Solid-state NMR spectroscopy and analysis

SsNMR experiments were conducted on NMR spectrometers operating at 500 and 700 MHz ¹H resonance frequencies (Bruker Biospin, Germany) equipped with 3.2 mm triple-resonance (¹H, ¹³C, ¹⁵N) magic-angle spinning (MAS) probe heads (see, e.g., (26)). All experiments were carried out at an effective sample temperature of 273 K using MAS frequencies of 11.4, 12, or 15 kHz. ¹³C-¹³C proton-driven spin diffusion (PDSD) experiments used homonuclear mixing times of 30 ms and 150 ms. The latter experiments were conducted under weak coupling conditions (27). NCACX spectra were acquired using 2.5 ms spectrally induced filtering in combination with cross polarization (SPECIFIC-CP; 28) contact times and a 30 ms ¹³C-¹³C PDSD magnetization transfer step. SPINAL64 (29) proton decoupling at 83 kHz was used in both evolution and detection periods. Data acquisition and analysis were performed with Topspin 3.1 (Bruker Biospin, Billerica, MA). KcsA resonance assignments were taken from previous work (4, 21, 22, 26, 30). Chemical-shift values representing protonated and deprotonated glutamate Cγ and Cδ correlations were taken from the literature (see, e.g., Ref. (31)).

Electrophysiology

Single-channel recordings of KcsA were performed on a planar lipid bilayer setup (Compact, Ionovation, Osnabrück, Germany). Lipid bilayers were formed by painting the lipids dissolved in n-decan over a 200 μm hole that separated two chambers (cis and trans). Initially, the trans chamber contained 20 mM KCl and the cis chamber contained 250 mM KCl, both of which were buffered to pH 4 with 10 mM succinic acid. KcsA proteoliposomes (1–5 μL) were added to the cis chamber of the planar bilayer system with a micropipette. After channel insertion, recording conditions were established by perfusion to symmetrical conditions. The cis side contained 150 mM KCl and 10 mM HEPES, pH 7.0, and the trans side contained 150 mM KCl and 10 mM succinic acid, pH 4.0. All measurements were performed at room temperature. Data were sampled at 10 kHz and filtered at 1 kHz. The reported data are the results of a statistical analysis of at least six independent experiments. A kinetic analysis was done using the QuB software for single-channel analysis (www.qub.buffalo.edu). Single-channel currents were first idealized into noise-free open and closed transitions using a half-amplitude threshold algorithm. Closed and open intervals were compiled into dwell-time histograms with a logarithmic abscissa and square-root ordinate (32) and were fitted by sums of exponentials according to the following equations:

$$\begin{array}{cc}\text{f}\left(\text{t}\right)=\sum _{i=1}^n{a}_i{\lambda }_i{e}^{-{\lambda }_i\text{t}}& \sum _{i=1}^n{a}_i=1\end{array},$$

where λ_i is the reciprocal of the time constant of the i^th component, n is the number of exponential components, a_i is the fractional area occupied by the i^th component, and t is the decay constant.

Results and Discussion

Increasing the open probability by changing the lipid environment

Under steady-state conditions, KcsA exhibits a low open probability (P_O) because most of the time it resides in a C-type inactivated state (12, 33, 34, 35). It was previously shown that anionic phospholipids may increase P_O, providing a more favorable environment for the open state of KcsA (36, 37, 38). These observations prompted us to test different anionic phospholipid conditions for maximizing the stabilization of the open-conductive conformation. This experimental strategy avoided mutation of the KcsA protein, which may result in unnatural conformational changes.

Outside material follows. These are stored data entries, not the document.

(* Let $x,y$ be positive real numbers with $x\ne y$. For positive integers $d,d_1,d_2$ define \[ \mu_d=(x+y)^d-x^d-y^d,\quad \omega_d=x^d+y^d-2\left(\tfrac{x+y}{2}\right)^d, \] \[ \psi_{d_1,d_2}=x^{d_1}y^{d_2}+x^{d_2}y^{d_1},\quad \phi_{d_1,d_2}=2\left(\tfrac{x+y}{2}\right)^{d_1+d_2}-x^{d_1}y^{d_2}-x^{d_2}y^{d_1}. \] Let $a,b,s,t$ be positive integers with $a\ge 2$ and $b\ge t\ge s\ge a>\binom{b-a}{2}$. Then \[ \frac{\omega_t}{\mu_t}\le\frac{\omega_a}{\mu_a}<\frac{\phi_{s,t}}{\psi_{s,t}}, \] equivalently $\mu_t\omega_a-\mu_a\omega_t\ge 0$ and $\mu_a\phi_{s,t}-\omega_a\psi_{s,t}>0$. *)

theory Defs
  imports Complex_Main
begin

definition mu :: "real \<Rightarrow> real \<Rightarrow> nat \<Rightarrow> real" where
  "mu x y d = (x + y) ^ d - x ^ d - y ^ d"

definition omega :: "real \<Rightarrow> real \<Rightarrow> nat \<Rightarrow> real" where
  "omega x y d = x ^ d + y ^ d - 2 * ((x + y) / 2) ^ d"

definition psi :: "real \<Rightarrow> real \<Rightarrow> nat \<Rightarrow> nat \<Rightarrow> real" where
  "psi x y d1 d2 = x ^ d1 * y ^ d2 + x ^ d2 * y ^ d1"

definition phi :: "real \<Rightarrow> real \<Rightarrow> nat \<Rightarrow> nat \<Rightarrow> real" where
  "phi x y d1 d2 = 2 * ((x + y) / 2) ^ (d1 + d2) - x ^ d1 * y ^ d2 - x ^ d2 * y ^ d1"

end

theory Submission
  imports Defs
begin

text \<open>
  Put M = (x + y) / 2. Then omega_d + mu_d = (2^d - 2) M^d and phi_{s,t} + psi_{s,t} = 2 M^(s+t),
  so both inequalities compare (2^d - 2) M^d / mu_d with 2 M^(s+t) / psi_{s,t}.
  The recurrence mu_{d+1} = (x + y) mu_d + (x^d y + x y^d) together with the Chebyshev-type
  bound mu_{d+1} <= (2^d - 1)(x^d y + x y^d) makes mu_d / ((2^d - 2) M^d) increasing in d,
  which is the first inequality.
  For the second, scale to x = 1 + u, y = 1 - u and put v = u^2, m = t - s. Then
  mu_a >= (2^a - 2)(1 - v), while psi_{s,s+m} = (1 - v)^s ((1 + u)^m + (1 - u)^m) is at most
  2 (1 - v)^s (1 + v)^(m choose 2); as m choose 2 < a <= s, this is below
  2 (1 - v) (1 - v^2)^(a-1) < 2 (1 - v).
\<close>

lemma mu_Suc: "mu x y (Suc d) = (x + y) * mu x y d + (x ^ d * y + x * y ^ d)"
  unfolding mu_def by (simp add: algebra_simps)

lemma mu_pos:
  assumes "0 < x" "0 < y" "2 \<le> d"
  shows "0 < mu x y d"
  using assms(3)
proof (induction d rule: dec_induct)
  case base
  show ?case using assms by (simp add: mu_def power2_eq_square algebra_simps)
next
  case (step d)
  then show ?case
    unfolding mu_Suc using assms by (intro add_pos_pos mult_pos_pos) auto
qed

lemma power_diff_mult_diff_nonneg:
  fixes x y :: real
  assumes "0 \<le> x" "0 \<le> y"
  shows "0 \<le> (x ^ n - y ^ n) * (x - y)"
proof (cases "x \<le> y")
  case True
  then have "x ^ n \<le> y ^ n" using assms by (intro power_mono)
  then show ?thesis using True by (intro mult_nonpos_nonpos) auto
next
  case False
  then have "y ^ n \<le> x ^ n" using assms by (intro power_mono) auto
  then show ?thesis using False by simp
qed
(* Cut a string of length l = m p + r into m aligned blocks of length p followed by a tail of
   length r.  Every block equal to w is an occurrence of w, so the strings with at most k
   occurrences are among those with at most k matching blocks.  The blocks are independent, so
   the fraction F k m of the latter strings obeys F k (m+1) <= q F (k-1) m + (1 - q) F k m with
   q = b^-p.  This recursion gives the count bound (m+1)^k (b^p-1)^m b^r, a polynomial in l times
   ((b^p-1)^(1/p))^l, and also sum_m F k m <= (k+1)/q; summing the latter over the p possible
   tails r bounds sum_(j<=k) Z_w(j)(1/b). *)

lemma sum_lessThan_le_of_convex_step:
  fixes g h :: "nat \<Rightarrow> real"
  assumes "0 < q" "q \<le> 1" "g 0 \<le> 1" "\<And>m. 0 \<le> g m"
    and step: "\<And>m. g (Suc m) \<le> q * h m + (1 - q) * g m"
    and h_sums: "\<And>M. sum h {..<M} \<le> K / q"
  shows "sum g {..<M} \<le> (K + 1) / q"
proof -
  have "q * sum g {..<Suc M} \<le> K + 1" for M
  proof -
    have "sum g {..<Suc M} = g 0 + (\<Sum>m<M. g (Suc m))"
      by (rule sum.lessThan_Suc_shift)
    also have "\<dots> \<le> 1 + (\<Sum>m<M. q * h m + (1 - q) * g m)"
      using assms(3) step by (intro add_mono sum_mono)
    also have "\<dots> = 1 + (q * sum h {..<M} + (1 - q) * sum g {..<M})"
      by (simp add: sum.distrib sum_distrib_left)
    also have "\<dots> \<le> 1 + (K + (1 - q) * sum g {..<Suc M})"
      using mult_left_mono[OF h_sums[of M], of q] assms
      by (intro add_mono mult_left_mono sum_mono2) auto
    finally show ?thesis
      by (simp add: algebra_simps)
  qed
  moreover have "sum g {..<M} \<le> sum g {..<Suc M}"
    by (intro sum_mono2) (auto simp: assms(4))
  ultimately have "q * sum g {..<M} \<le> K + 1"
    using assms(1) by (meson mult_left_mono less_imp_le order_trans)
  then show ?thesis
    using assms(1) by (simp add: pos_le_divide_eq mult.commute)
qed

lemma sum_lessThan_mult_eq:
  fixes f :: "nat \<Rightarrow> 'a :: comm_monoid_add"
  shows "sum f {..<n * p} = (\<Sum>m<n. \<Sum>r<p. f (m * p + r))"
  by (simp add: sum.nat_group[symmetric] sum.atLeastLessThan_shift_0[of _ "_ * p"]
      atLeast0LessThan add.commute)

lemma conv_radius_le_of_norm_le:
  fixes a c :: "nat \<Rightarrow> 'a :: {banach, real_normed_div_algebra}"
  assumes "\<And>n. norm (a n) \<le> norm (c n)"
  shows "conv_radius c \<le> conv_radius a"
proof (rule conv_radius_geI_ex')
  fix r :: real assume "0 < r" "ereal r < conv_radius c"
  then have "summable (\<lambda>n. norm (c n * of_real r ^ n))"
    by (intro abs_summable_in_conv_radius) simp
  then show "summable (\<lambda>n. a n * of_real r ^ n)"
    by (rule summable_comparison_test') (simp add: norm_mult assms mult_right_mono)
qed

We incorporated KcsA into four different types of anionic phospholipids: DOPG, DOPS, DOPA, and CL (heart, bovine). Single-channel currents were recorded using planar lipid bilayer electrophysiology. The data indicated that anionic phospholipids (at a 7:3 ratio with neutral DOPC) exerted significant effects on the KcsA channel P_O (Fig. 1 B). P_O correlated with the charge of the phospholipid headgroup. P_O was high in a lipid environment with more negatively charged headgroups (DOPA (−1.3, P_O = 0.19 ± 0.02, n = 10, mean ± SE) and CL (−2, P_O = 0.37 ± 0.09, n = 8, mean ± SE), and comparably low in a lipidic environment with less negatively charged headgroups (e.g., DOPG (−1, P_O = 0.010 ± 0.002, n = 9, mean ± SE) and DOPS (−1, P_O = 0.013 ± 0.003, n = 6, mean ± SE; Fig. 1 C). Maximal P_O was observed in the presence of CL (0.37 ± 0.09, n = 8, mean ± SE), which has the highest headgroup charge (39) of the anionic phospholipids tested (Fig. 1 C).

Analysis of the dwell-time histograms revealed that both open and closed durations were composed of multiple kinetic components, which is in good agreement with previous studies (40, 41). Under all experimentally tested phospholipid conditions, dwell-time histograms for closed durations were best fit with three exponentials corresponding to three nonconductive states of the KcsA channel (Fig. S1 in the Supporting Material). Closed times representing mainly inactivated states under steady-state conditions (40) were sensitive to changes in the anionic phospholipid environment. The total mean closed time (τ_mean) was ∼8 fold shorter in the presence of DOPA and CL in comparison with DOPG and DOPS (Fig S1; Table S1). This effect of DOPA and CL was due to a reduction of the most prevalent second closed state (τ₂), which was predominant in the presence of DOPG and DOPS (Fig. S1; Table S1). In the presence of DOPA and CL, the second closed state was greatly reduced and the first short-lived closed state (τ₁) became the predominant one (Fig. S1; Table S1). Altogether, the analysis of closed time distributions indicated a significant effect of the anionic phospholipids on KcsA channel C-type inactivation. The channel spent less time in the inactivated state in a lipidic environment enriched by phospholipids with more negatively charged headgroups such as DOPA and CL.

The three-exponential fit of dwell-time histograms for open durations revealed that the KcsA mean open time (τ_mean) was higher in the presence of DOPA and CL than in the presence of DOPG and DOPS. Two factors contributed to this effect. First, the duration and impact of the second open state were higher in the presence of DOPA and CL in comparison with DOPG and DOPS (τ₂) (Fig. S1; Table S1). Second, in the presence of DOPA and CL, the third long-lived open state of KcsA was observed in the dwell-time distributions, whereas in DOPG and DOPS, the third long-lived open state was not detectable (τ₃) (Fig. S1; Table S1).

Our findings suggest that the effect of anionic phospholipids on KcsA closed and open durations depends on the phospholipid headgroup charge. More negatively charged headgroups reduce the mean closed time of the inactivated channel and thereby increase its mean open time, which then results in an increase in channel P_O (Fig. 1, B and C). The maximal mean open time of KcsA was observed in CL, which is the most negatively charged phospholipid among the tested phospholipids.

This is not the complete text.